Applications like this one are the promise of the new content distribution systems coming online. Combining elements of caching, content selection, and application development, these systems will enable profound, new, network-aware applications to make intelligent use of caches installed in the network. Little wonder that scads of vendors and providers are looking to jump into the space.

All this promise is a good reason to bone up on content distribution basics. Start off by understanding what people mean by caching, the precursor to content distribution. Then make sure you've got a good read on the benefits of caching; there are three reasons to go with caching, and not all are about boosting performance. Next, learn how caching works, and how content is kept up to snuff. Performance here is particularly important, and while many vendors might tout top- notch numbers , the cost of that performance may vary widely (see "The Price of Performance,"). Finally, find out why content distribution might be just the answer for certain applications.

Square One

There are two basic types of network caches, though each performs the same function: copying popular content from an originating server so that it can be accessed more quickly by the user . Prepackaged cache appliances are the first type, bundling hardware and software together. Today, these appliances are installed in the carrier or enterprise network, but already vendors are talking about diminutive versions of these appliances for the customer premises, loaded with some 20Gbytes of memory.

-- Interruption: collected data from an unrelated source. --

lemma integral_diff_le_if_exceptional_set_small:
  fixes F :: "real^'n \<Rightarrow> real^'d \<Rightarrow> real" and u w :: "real^'n \<Rightarrow> real^'d"
  assumes \<Omega>: "\<Omega> \<in> lmeasurable" and T: "T \<in> sets lebesgue"
    and "0 < p" "0 \<le> C" "0 \<le> e"
    and u: "in_Lp \<Omega> p u" and w: "in_Lp \<Omega> p w"
    and Fu: "(\<lambda>x. F x (u x)) \<in> borel_measurable (lebesgue_on \<Omega>)"
    and Fw: "(\<lambda>x. F x (w x)) \<in> borel_measurable (lebesgue_on \<Omega>)"
    and growth: "\<And>x \<xi>. x \<in> \<Omega> \<Longrightarrow> 0 \<le> F x \<xi> \<and> F x \<xi> \<le> C * (1 + norm \<xi> powr p)"
    and cont: "\<And>x \<xi> \<xi>'. x \<in> T \<Longrightarrow> norm \<xi> \<le> b \<Longrightarrow> norm \<xi>' \<le> b \<Longrightarrow> dist \<xi> \<xi>' < \<eta>
                 \<Longrightarrow> \<bar>F x \<xi> - F x \<xi>'\<bar> < e"
    and small: "measure lebesgue (\<Omega> - T) + measure lebesgue {x \<in> \<Omega>. b \<le> norm (u x)}
      + measure lebesgue {x \<in> \<Omega>. b \<le> norm (w x)} + measure lebesgue {x \<in> \<Omega>. \<eta> \<le> norm (u x - w x)} < \<delta>"
    and equi: "\<And>E. E \<in> sets lebesgue \<Longrightarrow> E \<subseteq> \<Omega> \<Longrightarrow> measure lebesgue E < \<delta> \<Longrightarrow>
                 integral\<^sup>L (lebesgue_on E) (\<lambda>x. norm (u x) powr p) < e'
                 \<and> integral\<^sup>L (lebesgue_on E) (\<lambda>x. norm (w x) powr p) < e'"
  shows "\<bar>\<integral>x. F x (u x) - F x (w x) \<partial>lebesgue_on \<Omega>\<bar>
           \<le> e * measure lebesgue \<Omega> + 2 * C * \<delta> + 2 * C * e'"
proof -
  define E where "E = exceptional_set \<Omega> T b \<eta> u w"
  have \<Omega>s: "\<Omega> \<in> sets lebesgue" using \<Omega> by (simp add: fmeasurableD)
  have um: "u \<in> borel_measurable (lebesgue_on \<Omega>)" and wm: "w \<in> borel_measurable (lebesgue_on \<Omega>)"
    using u w unfolding in_Lp_def by auto
  have "measure lebesgue E < \<delta>"
    using measure_exceptional_set_le[OF \<Omega>s T um wm, where b = b and \<eta> = \<eta>] small
    unfolding E_def by linarith
  moreover have "E \<in> sets lebesgue" "E \<subseteq> \<Omega>"
    unfolding E_def by (rule exceptional_set_lebesgue[OF \<Omega>s T um wm] exceptional_set_subset)+
  ultimately have "integral\<^sup>L (lebesgue_on E) (\<lambda>x. norm (u x) powr p) < e'"
    and "integral\<^sup>L (lebesgue_on E) (\<lambda>x. norm (w x) powr p) < e'"
    using equi by blast+
  then have "C * integral\<^sup>L (lebesgue_on E) (\<lambda>x. norm (u x) powr p) \<le> C * e'"
    and "C * integral\<^sup>L (lebesgue_on E) (\<lambda>x. norm (w x) powr p) \<le> C * e'"
    and "C * measure lebesgue E \<le> C * \<delta>"
    using \<open>measure lebesgue E < \<delta>\<close> \<open>0 \<le> C\<close> by (auto intro: mult_left_mono)
  moreover have "\<bar>\<integral>x. F x (u x) - F x (w x) \<partial>lebesgue_on \<Omega>\<bar>
      \<le> e * measure lebesgue \<Omega> + 2 * C * measure lebesgue E
        + C * integral\<^sup>L (lebesgue_on E) (\<lambda>x. norm (u x) powr p)
        + C * integral\<^sup>L (lebesgue_on E) (\<lambda>x. norm (w x) powr p)"
    unfolding E_def
    by (rule integral_diff_le_exceptional_set[OF \<Omega> T assms(3-5) u w Fu Fw growth cont])
  ultimately show ?thesis by linarith
qed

The second type is caching software, which is likely to stay targeted at enterprises , as it requires users to purchase the necessary server hardware and install the software themselves .

The primary benefit of both types of caching is better performance. Moving content closer to the user reduces the number of router hops it has to traverse, so performance improves . Also, just cutting the distance between user and content speeds up the connection. Finally, a local cache server may be less loaded and better designed for performance than the originating content server. These factors cut page-load times by one-half or one-third of the time needed to retrieve the page from the original server.

While numbers like those might be reason enough to implement caching, there are other critical benefits. For starters, cache servers protect against the problem of instant popularity. Major events such as the release of the Starr Report or an Internet broadcast of a Victoria Secret fashion show cause huge traffic surges. Masses of users request a particular Web page, which swamps the server. Opening the network with faster optical or local loop infrastructure will likely only exacerbate this problem. However, replicating this content to other servers or caches distributes the traffic load around the Internet, alleviating the server bottleneck.

ISPs also win with caching and content delivery by reducing their reliance on costly Internet links. According to the Internet Research Group (www.irgintl.com), bandwidth at the Internet's core costs $800 per Mbit/sec per month, yet users at the edge pay only around $50 per month for 1.5Mbit/sec Digital Subscriber Line (DSL) links. By using caching, ISPs keep more traffic local, using less core bandwidth and narrowing this gap.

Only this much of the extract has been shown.